В эти дни в Гельсингфорс прибыла делегация Черноморского флота. Временное правительство возлагало на нее большие надежды. Черноморский флот находился почти полностью под влиянием меньшевиков и эсеров и поддерживал своими резолюциями правительство. Поэтому комфлота адмирал Колчак с согласия Гучкова организовал поездку черноморцев по стране. Возглавлял группу эсер студент Федор Баткин. Для пущего эффекта его нарядили в матросскую форму. Выступая на митингах и собраниях, эта разъездная "труппа" призывала поддерживать Временное правительство в его усилиях довести войну до победного конца.
Черноморская делегация произвела на петроградскую буржуазию сильное впечатление. Разбив на четыре группы, ее направили в Кронштадт, Гельсингфорс, Ревель и в воинские части Северного фронта.
В Кронштадте и у нас призывы черноморцев не встретили отклика. Член одной из этих групп некий Фельдман опубликовал в петроградской буржуазной газете ругательную статью о Балтийском флоте. В ней он доказывал, что на кораблях упала дисциплина, ослабла их боеспособность. Это печатное выступление вызвало у балтийцев негодование. Делегаты-черноморцы вынуждены были опубликовать в "Волне" заявление о своем отмежевании от Фельдмана. Но это им уже мало помогло. На митингах их освистывали.
Мы решили воспользоваться создавшимся положением и послать на Черноморский флот свою делегацию во главе с матросом Чугуновым. В ее составе было только пять человек. Но эти пятеро, прибыв в Севастополь, сделали многое. До их приезда черноморцы плохо знали о положении на Балтике. Группа Чугунова подробно рассказала о событиях на своем флоте, об отношении балтийцев к Временному правительству. Выступления представителей Центробалта оказали на севастопольцев такое воздействие, какого мы и сами не ожидали. Вскоре они изгнали с флота адмирала Колчака, служившего верой и правдой царю, а затем и Временному правительству. Когда моряки пришли арестовывать его, он, не желая сдавать оружия, демонстративно бросил его за борт. На некоторое время Колчак совсем сошел с политической арены. Зато год спустя оказался во главе большой белогвардейской армии и стал одним из самых активных душителей революции.

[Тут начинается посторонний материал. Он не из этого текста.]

theorem lemma5:
  fixes N :: nat and ini ter :: "'e::finite \<Rightarrow> nat" and Kset :: "nat \<Rightarrow> 'a::complete_space set"
    and w :: "'e \<Rightarrow> 'a \<Rightarrow> 'a" and p :: "'e \<Rightarrow> 'a \<Rightarrow> real" and a :: real
    and xs :: "nat \<Rightarrow> 'a" and x :: 'a and i0 :: nat and m :: int and \<epsilon> :: real
    and P :: "(int \<Rightarrow> 'e) measure"
  assumes "cms N ini ter Kset w p a"
    and "\<forall>i\<in>{1..N}. xs i \<in> Kset i"
    and "i0 \<in> {1..N}" and "x \<in> Kset i0"
    and "m \<le> 0" and "\<epsilon> > 0"
    and "prob_space P" and "sets P = sets (Aalg m)"
    and "\<forall>es. es \<noteq> [] \<longrightarrow> emeasure P (cyl m es) = ennreal (cylprob p w x es)"
  shows "\<exists>k\<ge>m. \<exists>B\<in>sets (Aalg m). measure P B < \<epsilon> \<and>
           (\<forall>\<sigma>\<in>UNIV - B. \<forall>n\<ge>k.
              dist (Zmn w x m n \<sigma>) (Ymn w ini xs m n \<sigma>)
                \<le> a powr (real_of_int (n - m + 1) / 2) * dist x (xs i0))"
proof -
  note cms = assms(1)
  have P: "finite_measure P" "sets P = sets (Aalg m)"
    using assms(7,8) by (simp_all add: prob_space.finite_measure)
  have P_cyl: "\<And>es. es \<noteq> [] \<Longrightarrow> emeasure P (cyl m es) = ennreal (cylprob p w x es)"
    using assms(9) by blast
  obtain L\<^sub>0 B where B: "B \<in> sets P" "measure P B < \<epsilon>" and decay:
    "\<And>\<sigma> L. \<sigma> \<notin> B \<Longrightarrow> L\<^sub>0 < L \<Longrightarrow>
      dist (iterw w \<sigma> m L x) (iterw w \<sigma> m L (xs i0)) \<le> sqrt a ^ L * dist x (xs i0)"
    using cms_orbit_distance_decay[OF cms P P_cyl assms(3,4) _ assms(6), of "xs i0"] assms(2,3)
    by blast
  define B\<^sub>0 where "B\<^sub>0 = {\<sigma>. p (\<sigma> m) x = 0}"
  have B\<^sub>0: "B\<^sub>0 \<in> sets P" "measure P B\<^sub>0 = 0"
    using first_edge_null_event[OF P P_cyl cms_p_nonneg[OF cms]] unfolding B\<^sub>0_def by blast+
  have "measure P (B \<union> B\<^sub>0) < \<epsilon>"
    using measure_Un_le[OF B(1) B\<^sub>0(1)] B(2) B\<^sub>0(2) by simp
  moreover have "dist (Zmn w x m n \<sigma>) (Ymn w ini xs m n \<sigma>)
      \<le> a powr (real_of_int (n - m + 1) / 2) * dist x (xs i0)"
    if "\<sigma> \<notin> B \<union> B\<^sub>0" and "m + int L\<^sub>0 \<le> n" for \<sigma> n
  proof -
    have "ini (\<sigma> m) = i0"
      using that(1) cms_ini_eq[OF cms assms(3,4)] unfolding B\<^sub>0_def by blast
    moreover have "a powr (real_of_int (n - m + 1) / 2) = sqrt a ^ nat (n - m + 1)"
      using that(2) powr_half_eq_sqrt_power[OF cms_rate_pos[OF cms], of "nat (n - m + 1)"] by simp
    moreover have "L\<^sub>0 < nat (n - m + 1)"
      using that(2) by simp
    ultimately show ?thesis
      using decay[of \<sigma> "nat (n - m + 1)"] that(1) by (simp add: Ymn_eq_Zmn Zmn_def)
  qed
  ultimately show ?thesis
    using B(1) B\<^sub>0(1) P(2) by (intro exI[of _ "m + int L\<^sub>0"]) auto
qed
lemma differentiable_prod:
  fixes f :: "'i \<Rightarrow> 'a::real_normed_vector \<Rightarrow> real"
  assumes "\<And>i. i \<in> S \<Longrightarrow> f i differentiable (at x)"
  shows "(\<lambda>y. \<Prod>i\<in>S. f i y) differentiable (at x)"
proof -
  have "\<And>i. i \<in> S \<Longrightarrow> (f i has_derivative frechet_derivative (f i) (at x)) (at x)"
    using assms frechet_derivative_works by blast
  from has_derivative_prod[OF this] show ?thesis by (rule differentiableI)
qed

lemma differentiable_det:
  fixes M :: "real^'n \<Rightarrow> real^'m^'m"
  assumes "\<And>i j. (\<lambda>y. M y $ i $ j) differentiable (at x)"
  shows "(\<lambda>y. det (M y)) differentiable (at x)"
  unfolding det_def
  by (intro differentiable_sum ballI differentiable_mult differentiable_const differentiable_prod assms)
    (simp add: finite_permutations)

lemma matrix_inv_right: "invertible M \<Longrightarrow> M ** matrix_inv M = mat 1"
  unfolding matrix_inv_def invertible_def by (rule someI2_ex) auto

lemma invertible_if_kernel_trivial:
  fixes M :: "real^'n^'n"
  assumes "\<And>v. M *v v = 0 \<Longrightarrow> v = 0"
  shows "invertible M"
proof -
  have "inj ((*v) M)"
    by (rule injI) (metis assms eq_iff_diff_eq_0 matrix_vector_mult_diff_distrib)
  then show ?thesis
    using matrix_left_invertible_injective invertible_left_inverse by blast
qed

lemma vector_matrix_mult_matrix_inv_symmetric:
  fixes M :: "real^'n^'n"
  assumes "invertible M" and "transpose M = M" and "M *v u = z"
  shows "z v* matrix_inv M = u"
proof -
  have "transpose (matrix_inv M) ** M = transpose (M ** matrix_inv M)"
    using assms(2) by (metis matrix_transpose_mul)
  also have "\<dots> = mat 1"
    using matrix_inv_right[OF assms(1)] by simp
  finally have inv: "transpose (matrix_inv M) ** M = mat 1" .
  have "z v* matrix_inv M = transpose (matrix_inv M) *v (M *v u)"
    using assms(3) by simp
  also have "\<dots> = u"
    by (simp add: matrix_vector_mul_assoc inv)
  finally show ?thesis .
qed

lemma exists_nonzero_orthogonal:
  fixes B :: "real^'n"
  assumes "CARD('n) \<ge> 2"
  shows "\<exists>v. v \<noteq> 0 \<and> B \<bullet> v = 0"
proof -
  have "\<not> CARD('n) \<le> Suc 0" using assms by simp
  then obtain p q :: 'n where pq: "p \<noteq> q"
    unfolding card_le_Suc0_iff_eq[OF finite_class.finite_UNIV] by blast
  show ?thesis
  proof (cases "B $ p = 0")
    case True
    then show ?thesis
      by (intro exI[of _ "axis p 1"]) (simp add: inner_axis axis_eq_0_iff)
  next
    case False
    define v where "v = B $ q *\<^sub>R axis p 1 - B $ p *\<^sub>R axis q (1::real)"
    have "v $ q = - B $ p" using pq by (simp add: v_def axis_def)
    then have "v \<noteq> 0" using False by auto
    moreover have "B \<bullet> v = 0" by (simp add: v_def inner_diff_right inner_axis)
    ultimately show ?thesis by blast
  qed
qed

lemma scaled_plus_rank_one_eq_zero:
  fixes A :: "real^'n^'n" and B :: "real^'n"
  assumes "CARD('n) \<ge> 2" and A: "\<And>v. A *v v = 0 \<Longrightarrow> v = 0"
    and eq: "\<And>i j. p * A$i$j + q * B$i * B$j = 0"
  shows "p = 0" and "q * B$k = 0"
proof -
  obtain v where v: "v \<noteq> 0" "B \<bullet> v = 0"
    using exists_nonzero_orthogonal[OF assms(1)] by blast
  have "A *v v \<noteq> 0" using A v(1) by blast
  then obtain i where i: "(A *v v) $ i \<noteq> 0"
    by (auto simp: vec_eq_iff)
  have "0 = (\<Sum>j\<in>UNIV. (p * A$i$j + q * B$i * B$j) * v$j)"
    by (simp add: eq)
  also have "\<dots> = p * (A *v v) $ i + q * B$i * (B \<bullet> v)"
    by (simp add: matrix_vector_mult_def inner_vec_def algebra_simps sum.distrib sum_distrib_left)
  finally show "p = 0" using i v(2) by simp
  then show "q * B$k = 0" using eq[of k k] by simp
qed
lemma number_field_algebraic_int_multiple:
  assumes K: "number_field K" and x: "x \<in> K"
  obtains m :: nat where "m > 0" "algebraic_int (of_nat m * x)"
proof -
  from K obtain B where B: "finite B" "B \<subseteq> K"
    "\<And>y. y \<in> K \<Longrightarrow> \<exists>c :: complex \<Rightarrow> rat. y = (\<Sum>b\<in>B. of_rat (c b) * b)"
    unfolding number_field_def by blast
  have subfield: "subfield_of_complex K"
    using K unfolding number_field_def by blast
  then have "\<forall>b\<in>B. \<exists>c. x * b = (\<Sum>b'\<in>B. of_rat (c b') * b')"
    using x B(2,3) unfolding subfield_of_complex_def by blast
  from bchoice[OF this]
  obtain C where C: "\<forall>b\<in>B. x * b = (\<Sum>b'\<in>B. of_rat (C b b') * b')" ..
  obtain d :: int where d: "d > 0" "\<And>b b'. b \<in> B \<Longrightarrow> b' \<in> B \<Longrightarrow> of_int d * C b b' \<in> \<int>"
    using rat_common_denominator[of "(\<lambda>(b, b'). C b b') ` (B \<times> B)"] B(1) by auto
  have "1 \<in> K"
    using subfield unfolding subfield_of_complex_def by blast
  then obtain c1 where "1 = (\<Sum>b\<in>B. of_rat (c1 b) * b)"
    using B(3) by blast
  then have nonzero: "\<exists>b\<in>B. b \<noteq> 0"
    by (metis (no_types, lifting) mult_zero_right one_neq_zero sum.neutral)
  have "algebraic_int (of_int d * x)"
  proof (rule algebraic_int_if_int_span_stable[OF B(1) nonzero])
    fix b assume b: "b \<in> B"
    have "of_int d * x * b = (\<Sum>b'\<in>B. of_rat (of_int d * C b b') * b')"
      by (simp add: C[rule_format, OF b] mult.assoc sum_distrib_left of_rat_mult)
    also have "\<dots> \<in> int_span B"
    proof (intro int_module.span_sum Ints_mult_in_int_span)
      fix b' assume "b' \<in> B"
      with b d(2) obtain k where "of_int d * C b b' = of_int k"
        by (blast elim: Ints_cases)
      then show "of_rat (of_int d * C b b') \<in> \<int>"
        by simp
    qed
    finally show "of_int d * x * b \<in> int_span B" .
  qed
  with d(1) show ?thesis
    using that[of "nat d"] by (simp add: of_nat_nat)
qed
definition is_rank_function ::
  "'a set \<Rightarrow> ('a \<Rightarrow> 'a \<Rightarrow> bool) \<Rightarrow> 'a \<Rightarrow> ('a \<Rightarrow> nat) \<Rightarrow> bool" where
  "is_rank_function P le z0 rk \<longleftrightarrow> rk z0 = 0 \<and>
     (\<forall>x\<in>P. \<forall>y\<in>P. covers P le x y \<longrightarrow> rk y = rk x + 1)"

definition bowtie_free :: "'a set \<Rightarrow> ('a \<Rightarrow> 'a \<Rightarrow> bool) \<Rightarrow> bool" where
  "bowtie_free P le \<longleftrightarrow> \<not> (\<exists>a\<in>P. \<exists>b\<in>P. \<exists>c\<in>P. \<exists>d\<in>P.
      distinct [a, b, c, d] \<and> covers P le c a \<and> covers P le d a \<and>
      covers P le c b \<and> covers P le d b)"

definition Uword :: "(nat \<Rightarrow> 'a set \<Rightarrow> 'a set) \<Rightarrow> nat list \<Rightarrow> 'a set \<Rightarrow> 'a set" where
  "Uword U w = foldr (\<lambda>i f. U i \<circ> f) w id"

text \<open>A formal power series in x_1, x_2, ... is represented by the map sending an
  exponent vector m (m j = exponent of x_j) to the coefficient of x^m.\<close>

text \<open>Coefficient of x^m in F_P: number of multichains
  t_0 = bot <= t_1 <= ... <= t_(k-1) < t_k = top (a list of length k+1) with
  rk(t_j) - rk(t_(j-1)) = m j for 1 <= j <= k and m j = 0 otherwise.\<close>
definition F_coeff :: "'a set \<Rightarrow> ('a \<Rightarrow> 'a \<Rightarrow> bool) \<Rightarrow> ('a \<Rightarrow> nat) \<Rightarrow> 'a \<Rightarrow> 'a
    \<Rightarrow> (nat \<Rightarrow> nat) \<Rightarrow> nat" where
  "F_coeff P le rk z0 z1 m = card {t. \<exists>k. k \<ge> 1 \<and> length t = k + 1 \<and> set t \<subseteq> P \<and>
      t ! 0 = z0 \<and> t ! k = z1 \<and>
      (\<forall>j<k. le (t ! j) (t ! (j + 1))) \<and> lt le (t ! (k - 1)) (t ! k) \<and>
      (\<forall>j. m j = (if 1 \<le> j \<and> j \<le> k then rk (t ! j) - rk (t ! (j - 1)) else 0))}"

text \<open>Coefficient of x^m in L_{S,n}: number of sequences 1 <= i_1 <= ... <= i_n
  with i_j < i_(j+1) for j in S and x_(i_1)...x_(i_n) = x^m
  (list entry i ! (j-1) is i_j).\<close>
definition L_coeff :: "nat set \<Rightarrow> nat \<Rightarrow> (nat \<Rightarrow> nat) \<Rightarrow> nat" where
  "L_coeff S n m = card {i. length i = n \<and> (\<forall>j<n. 1 \<le> i ! j) \<and>
      (\<forall>j. j + 1 < n \<longrightarrow> i ! j \<le> i ! (j + 1)) \<and>
      (\<forall>j\<in>S. 1 \<le> j \<and> j < n \<longrightarrow> i ! (j - 1) < i ! j) \<and>
      (\<forall>k. m k = card {j. j < n \<and> i ! j = k})}"

text \<open>Characters are evaluated on the elements T_{w1} T_{w2} ... T_{wr} (words w over
  [n-1]); these span H_n(0), so a character is determined by these values.
  chi_P: T_i acts on the basis M(P) of C M(P) as -U_i, so the trace of
  T_{w1}...T_{wr} is (-1)^r times the number of maximal chains fixed by
  U_{w1} o ... o U_{wr}.\<close>
definition chi_P :: "'a set \<Rightarrow> ('a \<Rightarrow> 'a \<Rightarrow> bool) \<Rightarrow> (nat \<Rightarrow> 'a set \<Rightarrow> 'a set)
    \<Rightarrow> nat list \<Rightarrow> int" where
  "chi_P P le U w = (-1) ^ length w * int (card {C \<in> maximal_chains P le. Uword U w C = C})"

text \<open>chi_S: the one-dimensional representation T_i -> -1 (i in S), T_i -> 0 (i not in S).\<close>
definition chi_S :: "nat set \<Rightarrow> nat list \<Rightarrow> int" where
  "chi_S S w = (\<Prod>j\<leftarrow>w. if j \<in> S then -1 else 0)"

definition good_action :: "'a set \<Rightarrow> ('a \<Rightarrow> 'a \<Rightarrow> bool) \<Rightarrow> ('a \<Rightarrow> nat) \<Rightarrow> 'a \<Rightarrow> 'a
    \<Rightarrow> nat \<Rightarrow> (nat \<Rightarrow> 'a set \<Rightarrow> 'a set) \<Rightarrow> bool" where
  "good_action P le rk z0 z1 n U \<longleftrightarrow>
     (let M = maximal_chains P le; I = {1..<n} in
       (\<forall>i\<in>I. \<forall>C\<in>M. U i C \<in> M) \<and>
       (\<forall>i\<in>I. \<forall>C\<in>M. \<forall>j. j \<noteq> i \<longrightarrow> {x \<in> U i C. rk x = j} = {x \<in> C. rk x = j}) \<and>
       (\<forall>i\<in>I. \<forall>C\<in>M. U i (U i C) = U i C) \<and>
       (\<forall>i\<in>I. \<forall>j\<in>I. \<forall>C\<in>M. (i + 2 \<le> j \<or> j + 2 \<le> i) \<longrightarrow> U i (U j C) = U j (U i C)) \<and>
       (\<forall>i\<in>I. i + 1 \<in> I \<longrightarrow> (\<forall>C\<in>M. U i (U (i+1) (U i C)) = U (i+1) (U i (U (i+1) C)))) \<and>
       \<comment> \<open>(5): omega F_P = ch(chi_P), with F_P = sum_S d_S L_{S,n} and
           chi_P = sum_S c_S chi_S\<close>
       (\<exists>d c :: nat set \<Rightarrow> int.
          (\<forall>m. int (F_coeff P le rk z0 z1 m) = (\<Sum>S\<in>Pow I. d S * int (L_coeff S n m))) \<and>
          (\<forall>w. set w \<subseteq> I \<longrightarrow> chi_P P le U w = (\<Sum>S\<in>Pow I. c S * chi_S S w)) \<and>
          (\<forall>m. (\<Sum>S\<in>Pow I. d S * int (L_coeff (I - S) n m))
               = (\<Sum>S\<in>Pow I. c S * int (L_coeff S n m)))))"

end

theory Submission
  imports Defs
begin

(* By axiom (5) the character of the representation on T_w is (-1)^|w| times the
   number of maximal chains fixed by U_w, and it is an integer combination of the
   one-dimensional characters chi_S, whose value on T_w only depends on the set of
   letters of w.  Hence the number of chains fixed by U_w only depends on supp w.
   For J = supp w, the longest element of the parabolic 0-Hecke monoid generated by
   the U_j, j in J, is absorbing (U_j e = e), so its fixed chains are exactly those
   fixed by every U_j, j in J; these are fixed by U_w as well.  Comparing cardinalities,
   every chain fixed by U_w is fixed by each U_j with j in J.  For the word w i, which
   fixes m' by assumption, this gives U_i m' = m'. *)

lemma Uword_Nil [simp]: "Uword U [] C = C"
  by (simp add: Uword_def)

В Центробалте шла усиленная подготовка к I съезду моряков Балтийского флота. Подбирали докладчиков, редактировали документы, которые должны были представить на утверждение съезда. К съезду готовилось и командование флота, намеревавшееся дать нам бой. Оно надеялось на поддержку представителей Ревельской и некоторых других военно-морских баз.
Когда делегаты стали прибывать в Гельсингфорс, мы решили разместить ревельцев вместе с кронштадтцами, чтобы последние повлияли на оборончески настроенных матросов Ревеля. Но, несмотря на эту меру, очень волновались: все-таки эсеров, меньшевиков и беспартийных было больше. Всего в работе съезда участвовало около 250 моряков и 12 офицеров.
Заседания проходили в актовом зале женской гимназии на Аркадской улице. Уже в первый день обстановка была напряженная. После вступительного слова П. Е. Дыбенко приступили к выборам президиума. Председателем неожиданно избрали ревизора с крейсера "Адмирал Макаров", члена Центробалта Л. К. Рубанина - ярко выраженного оборонца, всецело преданного Временному правительству. В ЦКБФ он не пользовался авторитетом.
Заместителями Рубанина, или, как тогда говорили, товарищами председателя, стали Дыбенко и кронштадтский матрос большевик Н. Г. Маркин. Затем довольно остро заспорили о порядке дня. Представители командования настаивали прежде всего обсудить устав Центробалта. Дыбенко возражал, ссылаясь на то, что еще не приехал помощник Керенского лейтенант Лебедев. Его доводы показались вполне убедительными, поэтому занялись сначала Положением о судовых комитетах, разработанным Центробалтом.
Ревельцы попросили разрешения зачитать съезду наказ своих избирателей. Делегаты согласились заслушать его. Наказ был откровенно верноподданническим. Он призывал делегатов выразить полное доверие Временному правительству, оказать поддержку "Займу свободы", добиваться тесного единения и политического согласия матросов и офицеров.
Слушая это "творение", большевики Центробалта недоуменно переглядывались. Об оборонческих настроениях ревельцев нам было известно. Но никто не предполагал, что влияние соглашателей на них так велико. Это еще раз подтверждало, что борьба на съезде предстоит нелегкая.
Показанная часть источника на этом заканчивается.